Yates, who has been with the Steelers since the 1980s, referred to an "HD fishbowl" that he and the doctors now have to work within.
"We can be second-guessed all the time," Yates said, "and it's tough (because) we can't go on the record and say, 'No, this wasn't the case.' We're still HIPAA bound, we're still physicians and professionals." HIPAA refers to the Health Insurance Portability and Accountability Act that prohibits the release of private medical information.
"It's very difficult. The clock is ticking, the coaches need to know if the player is going to come back, do they need to get a substitution in that position. ... But I can say that, throughout the years, our coaches have been great. They understand, and we understand the emotional part of the game."
Yates, Maroon and Bradley have gotten to see the evolution of the NFL's attitude toward concussions up close. Around 1990, Maroon remembers telling legendary coach Chuck Noll that his starting quarterback, Bubby Brister, shouldn't play the next week because Maroon felt the player had sustained a concussion. He advised Noll that Brister should sit at least two weeks.
"He said, 'What data do you have? What is the basis for that? If you want me to keep somebody out of football, I want objective data, not specious guidelines or your opinion,' " Maroon recalled.

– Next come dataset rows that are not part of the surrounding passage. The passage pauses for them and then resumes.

text \<open>Second moments E[X(s) X(t)^T]; for a centred family these are the cross-covariances.\<close>

definition cross_cov :: "'w measure \<Rightarrow> ('i \<Rightarrow> 'w \<Rightarrow> real^'n) \<Rightarrow> 'i \<Rightarrow> 'i \<Rightarrow> real^'n^'n" where
  "cross_cov M X s t = (\<chi> j k. \<integral>\<omega>. X s \<omega> $ j * X t \<omega> $ k \<partial>M)"

lemma transpose_cross_cov: "transpose (cross_cov M X s t) = cross_cov M X t s"
  by (simp add: cross_cov_def transpose_def mult.commute)

lemma second_moment_linear_comb:
  assumes "cross_integrable M X"
  shows "(\<integral>\<omega>. (\<Sum>t\<in>T. b t \<bullet> X t \<omega>)\<^sup>2 \<partial>M) = (\<Sum>s\<in>T. \<Sum>t\<in>T. b s \<bullet> (cross_cov M X s t *v b t))"
proof -
  have "(\<Sum>t\<in>T. b t \<bullet> X t \<omega>)\<^sup>2 = (\<Sum>s\<in>T. \<Sum>t\<in>T. \<Sum>j\<in>UNIV. \<Sum>k\<in>UNIV. b s $ j * b t $ k * (X s \<omega> $ j * X t \<omega> $ k))"
    for \<omega>
    by (simp add: power2_eq_square sum_product inner_vec_def algebra_simps)
  then have "(\<integral>\<omega>. (\<Sum>t\<in>T. b t \<bullet> X t \<omega>)\<^sup>2 \<partial>M) =
      (\<Sum>s\<in>T. \<Sum>t\<in>T. \<Sum>j\<in>UNIV. \<Sum>k\<in>UNIV. b s $ j * b t $ k * (\<integral>\<omega>. X s \<omega> $ j * X t \<omega> $ k \<partial>M))"
    using assms by (simp add: cross_integrable_def integrable_sum)
  also have "\<dots> = (\<Sum>s\<in>T. \<Sum>t\<in>T. b s \<bullet> (cross_cov M X s t *v b t))"
    by (intro sum.cong refl)
      (simp add: cross_cov_def inner_vec_def matrix_vector_mult_def sum_distrib_left algebra_simps)
  finally show ?thesis .
qed

lemma eq_law_gaussian_if_cross_cov_eq:
  fixes M :: "'w measure" and U V :: "'i \<Rightarrow> 'w \<Rightarrow> real^'n"
  assumes M: "prob_space M"
    and U: "centered_gaussian_family M U" "cross_integrable M U"
    and V: "centered_gaussian_family M V" "cross_integrable M V"
    and cov: "\<And>s t. cross_cov M U s t = cross_cov M V s t"
  shows "eq_law M U V"
proof (rule eq_lawI_linear_combinations[OF M])
  show "\<And>t. U t \<in> borel_measurable M" "\<And>t. V t \<in> borel_measurable M"
    using U(1) V(1) by (simp_all add: centered_gaussian_family_def)
  fix T :: "'i set" and a assume "finite T"
  have second_moment: "(\<integral>y. y\<^sup>2 \<partial>distr M borel (\<lambda>\<omega>. \<Sum>t\<in>T. a t \<bullet> W t \<omega>)) =
      (\<Sum>s\<in>T. \<Sum>t\<in>T. a s \<bullet> (cross_cov M W s t *v a t))"
    if "centered_gaussian_family M W" "cross_integrable M W" for W :: "'i \<Rightarrow> 'w \<Rightarrow> real^'n"
  proof -
    have "(\<lambda>\<omega>. \<Sum>t\<in>T. a t \<bullet> W t \<omega>) \<in> borel_measurable M"
      using that(1) unfolding centered_gaussian_family_def
      by (intro borel_measurable_sum borel_measurable_inner) auto
    then show ?thesis
      by (simp add: integral_distr second_moment_linear_comb[OF that(2)])
  qed
  obtain \<sigma> where \<sigma>: "\<sigma> \<ge> 0" "distr M borel (\<lambda>\<omega>. \<Sum>t\<in>T. a t \<bullet> U t \<omega>) = gauss_law \<sigma>"
    using U(1) \<open>finite T\<close> unfolding centered_gaussian_family_def by blast
  obtain \<tau> where \<tau>: "\<tau> \<ge> 0" "distr M borel (\<lambda>\<omega>. \<Sum>t\<in>T. a t \<bullet> V t \<omega>) = gauss_law \<tau>"
    using V(1) \<open>finite T\<close> unfolding centered_gaussian_family_def by blast
  have "\<sigma>\<^sup>2 = \<tau>\<^sup>2"
    using second_moment[OF U] second_moment[OF V] gauss_law_second_moment \<sigma> \<tau> cov by simp
  with \<sigma> \<tau> show "distr M borel (\<lambda>\<omega>. \<Sum>t\<in>T. a t \<bullet> U t \<omega>) = distr M borel (\<lambda>\<omega>. \<Sum>t\<in>T. a t \<bullet> V t \<omega>)"
    by (simp add: power2_eq_iff_nonneg)
qed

Maroon felt Noll was right, and in response, he began developing a concussion test that would give the doctors a baseline for each player. That way, when a player needed to be evaluated, they could compare his results post-trauma to his results when lucid _ a practice that is now the foundation of determining whether a player has had a concussion or not. (The only difference is that now, Maroon performs the test with an iPad that contains detailed information on every player.)
"Initially," Maroon says, "athletes and their agents didn't want them doing this, but we convinced them that they could get back sooner if they did the test with us."

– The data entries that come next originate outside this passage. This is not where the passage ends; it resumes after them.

(* Assume $\ell=2$. An observed law $\mathcal P$ of $(Y,D,Z)$ with $\mathcal P(Z=0),\mathcal P(Z=1)>0$ is induced by some full data law satisfying exclusion, random assignment and consistency if and only if $$\sum_{k\in[n]}-p_{k0,1}+\sum_{k\in T}(p_{k1,0}-p_{k1,1})\le 0\quad\text{for all nonempty }T\subseteq\{0,\dots,n-2\},$$ $$\sum_{k\in[n]}-p_{k1,0}+\sum_{k\in T}(p_{k0,1}-p_{k0,0})\le 0\quad\text{for all nonempty }T\subsetneq[n],$$ $$\sum_{k\in[n]}-p_{k0,0}+\sum_{k\in T}(p_{k1,1}-p_{k1,0})\le 0\quad\text{for all nonempty }T\subseteq\{0,\dots,n-2\}.$$
   Context: $D\in\{0,1\}$ treatment; $Y$ outcome with values $\gamma_0<\dots<\gamma_{n-1}$; instrument $Z\in\{0,1\}$; $[n]=\{0,\dots,n-1\}$. Potential outcomes $Y^{(d,z)}$, potential treatments $D^{(z)}$. Exclusion: $Y^{(d,0)}=Y^{(d,1)}$ a.s., written $Y^{(d)}$. Random assignment: $Z\perp(Y^{(0)},Y^{(1)},D^{(0)},D^{(1)})$. Consistency: $Y=(1-D)Y^{(0)}+DY^{(1)}$, $D=\mathbb 1(Z=0)D^{(0)}+\mathbb 1(Z=1)D^{(1)}$. A full data law is a joint law of $(Y^{(0)},Y^{(1)},D^{(0)},D^{(1)},Z)$, inducing the observed law of $(Y,D,Z)$. $p_{yd,z}=\mathcal P(Y=\gamma_y,D=d\mid Z=z)$. *)

theory Defs
  imports "HOL-Probability.Probability"
begin

(* Outcome values gamma_0 < ... < gamma_{n-1} are represented by their indices k in {..<n}.
   Treatment D and instrument Z are booleans (True = 1, False = 0).

   Full data: ((Y0, Y1, D0, D1), Z), i.e. the joint law of (Y^(0),Y^(1),D^(0),D^(1),Z);
   exclusion is built in by using the potential outcomes Y^(d) directly.
   Observed data: (Y, D, Z). *)

type_synonym full_data = "(nat \<times> nat \<times> bool \<times> bool) \<times> bool"
type_synonym obs_data = "nat \<times> bool \<times> bool"

(* consistency: D = D^(Z), Y = (1-D) Y^(0) + D Y^(1) *)
definition obs :: "full_data \<Rightarrow> obs_data" where
  "obs \<omega> = (let (u, z) = \<omega>; (y0, y1, d0, d1) = u;
              d = (if z then d1 else d0) in ((if d then y1 else y0), d, z))"

definition random_assignment :: "full_data pmf \<Rightarrow> bool" where
  "random_assignment F \<longleftrightarrow>
     (\<forall>A B. measure_pmf.prob F {\<omega>. fst \<omega> \<in> A \<and> snd \<omega> \<in> B}
            = measure_pmf.prob F {\<omega>. fst \<omega> \<in> A} * measure_pmf.prob F {\<omega>. snd \<omega> \<in> B})"

definition outcomes_in :: "nat \<Rightarrow> full_data pmf \<Rightarrow> bool" where
  "outcomes_in n F \<longleftrightarrow> (\<forall>\<omega>\<in>set_pmf F. fst (fst \<omega>) < n \<and> fst (snd (fst \<omega>)) < n)"

definition induced_by :: "nat \<Rightarrow> full_data pmf \<Rightarrow> obs_data pmf \<Rightarrow> bool" where
  "induced_by n F Q \<longleftrightarrow> outcomes_in n F \<and> random_assignment F \<and> map_pmf obs F = Q"

definition pcond :: "obs_data pmf \<Rightarrow> nat \<Rightarrow> bool \<Rightarrow> bool \<Rightarrow> real" where
  "pcond Q k d z = measure_pmf.prob Q {(k, d, z)} / measure_pmf.prob Q {w. snd (snd w) = z}"

end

Says Yates, "So you can understand the walls upon which we strike our head, no pun intended."
As the concussion issue became more prevalent in the public eye, team doctors began to be heard more easily. Yates, who served as president of the NFL Physicians Society, got to sit on the NFL's competition committee. He believes good developments have happened with the help of about 40 rule changes geared toward lessening impacts to the head, and the numbers back him up.

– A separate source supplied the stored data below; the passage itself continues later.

lemma frac_val_le_cond_expected_round_gain:
  assumes finI: "finite I" and v_nonneg: "\<forall>i\<in>I. 0 \<le> v i" and m: "0 < m"
    and eps: "0 < eps" "eps < 1" and q: "real q = eps * real m"
    and c: "sqrt eps \<le> 1 - real i * eps" and N: "Suc i \<le> N"
    and h: "h \<in> set_pmf (rr_hist I w k q P i)"
    and feas: "LP_feasible I w k (remaining I h) (real m * (1 - real i * eps)) (P (Suc i) h)"
  shows "frac_val I w v k (P (Suc i) h) * (eps - eps powr (3/2)) * (1 / (1 - real i * eps))
       \<le> measure_pmf.expectation (cond_pmf (rr_hist I w k q P N) {H. take i H = h})
           (\<lambda>H. setval v (remaining I (take i H) - remaining I (take (Suc i) H)))"
proof -
  have "frac_val I w v k (P (Suc i) h) * (eps - eps powr (3/2)) * (1 / (1 - real i * eps))
      \<le> measure_pmf.expectation (replicate_pmf q (sample_pmf I w k (P (Suc i) h)))
          (\<lambda>r. setval v (remaining I h \<inter> \<Union>(set r)))"
    using feas finI v_nonneg m eps c q
    by (intro frac_val_le_expected_covered_value) (auto simp: LP_feasible_def remaining_def)
  also have "\<dots> = measure_pmf.expectation (cond_pmf (rr_hist I w k q P N) {H. take i H = h})
      (\<lambda>H. setval v (remaining I (take i H) - remaining I (take (Suc i) H)))"
    using expectation_cond_rr_hist_next_round[OF N h,
        of "\<lambda>G. setval v (remaining I (take i G) - remaining I G)"] length_rr_hist[OF h]
    by (simp add: min_def remaining_diff_append)
  finally show ?thesis .
qed

theorem lemma4p3:
  fixes I :: "'a set" and w v :: "'a \<Rightarrow> real" and m k :: nat and eps :: real
    and P :: "nat \<Rightarrow> 'a set list list \<Rightarrow> 'a set \<Rightarrow> real"
  assumes finI: "finite I"
    and w_range: "\<forall>i\<in>I. 0 \<le> w i \<and> w i \<le> 1"
    and v_nonneg: "\<forall>i\<in>I. 0 \<le> v i"
    and m_pos: "0 < m" and k_pos: "0 < k"
    and eps_range: "0 < eps" "eps < 0.1"
    and eps_sqrt_nat: "eps powr (-1/2) \<in> \<nat>"
    and simple_m: "real m > exp (exp (eps powr (-30)))"
    and simple_nat: "eps * real m \<in> \<nat>"
    and policy: "\<forall>j\<in>{1..nat \<lfloor>1/eps\<rfloor>}.
        \<forall>h\<in>set_pmf (map_pmf (take (j - 1))
                (rr_hist I w k (nat \<lfloor>eps * real m\<rfloor>) P (nat \<lfloor>1/eps\<rfloor>))).
          LP_approx eps I w v k (remaining I h) (real m * (1 - (real j - 1) * eps)) (P j h)"
  shows "\<forall>j\<in>{1..nat \<lfloor>1/eps - eps powr (-1/2)\<rfloor>}.
     \<forall>h\<in>set_pmf (map_pmf (take (j - 1))
             (rr_hist I w k (nat \<lfloor>eps * real m\<rfloor>) P (nat \<lfloor>1/eps\<rfloor>))).
       measure_pmf.expectation
           (cond_pmf (rr_hist I w k (nat \<lfloor>eps * real m\<rfloor>) P (nat \<lfloor>1/eps\<rfloor>))
                     {H. take (j - 1) H = h})
           (\<lambda>H. setval v (remaining I (take (j - 1) H) - remaining I (take j H)))
       \<ge> frac_val I w v k (P j h) * (eps - eps powr (3/2)) * (1 / (1 - (real j - 1) * eps))"
proof (intro ballI, goal_cases)
  case (1 j h)
  define q where "q = nat \<lfloor>eps * real m\<rfloor>"
  define N where "N = nat \<lfloor>1/eps\<rfloor>"
  have q: "real q = eps * real m"
    using simple_nat unfolding q_def by (auto elim: Nats_cases)
  have j_le: "real j \<le> 1/eps - eps powr (-1/2)"
    using 1(1) by simp linarith
  then have "j \<le> N"
    unfolding N_def using eps_range by (intro le_nat_floor) (smt (verit) powr_gt_zero)
  obtain i where j_eq: "j = Suc i"
    using 1(1) by (cases j) auto
  have h: "h \<in> set_pmf (rr_hist I w k q P i)"
    using 1(2) \<open>j \<le> N\<close> map_pmf_take_rr_hist[of i N I w k q P]
    unfolding j_eq diff_Suc_1 q_def[symmetric] N_def[symmetric] by simp
  have "LP_approx eps I w v k (remaining I h) (real m * (1 - (real j - 1) * eps)) (P j h)"
    using policy \<open>j \<le> N\<close> 1 unfolding N_def by auto
  then have "LP_feasible I w k (remaining I h) (real m * (1 - real i * eps)) (P (Suc i) h)"
    unfolding LP_approx_def j_eq by simp
  then show ?case
    using frac_val_le_cond_expected_round_gain[OF finI v_nonneg m_pos eps_range(1) _ q _
        \<open>j \<le> N\<close>[unfolded j_eq] h]
      sqrt_le_remaining_share[OF eps_range(1) j_le] eps_range(2)
    unfolding j_eq q_def N_def by simp
qed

The NFL states that, since 2012, concussions in regular season games are down 35 percent, and helmet-to-helmet hits are down 43 percent.
"We're witnessing a culture change," Miller of the NFL said. "None of that is saying that this is the end of the road."
On a recent Sunday, Maroon visited Biggerstaff in the booth, where he's surrounded by four screens and an assistant who performs all of the video duties so he can focus on the live action.
Before heading down to the field, Maroon smiled and said to Biggerstaff, "I hope I don't hear from you today."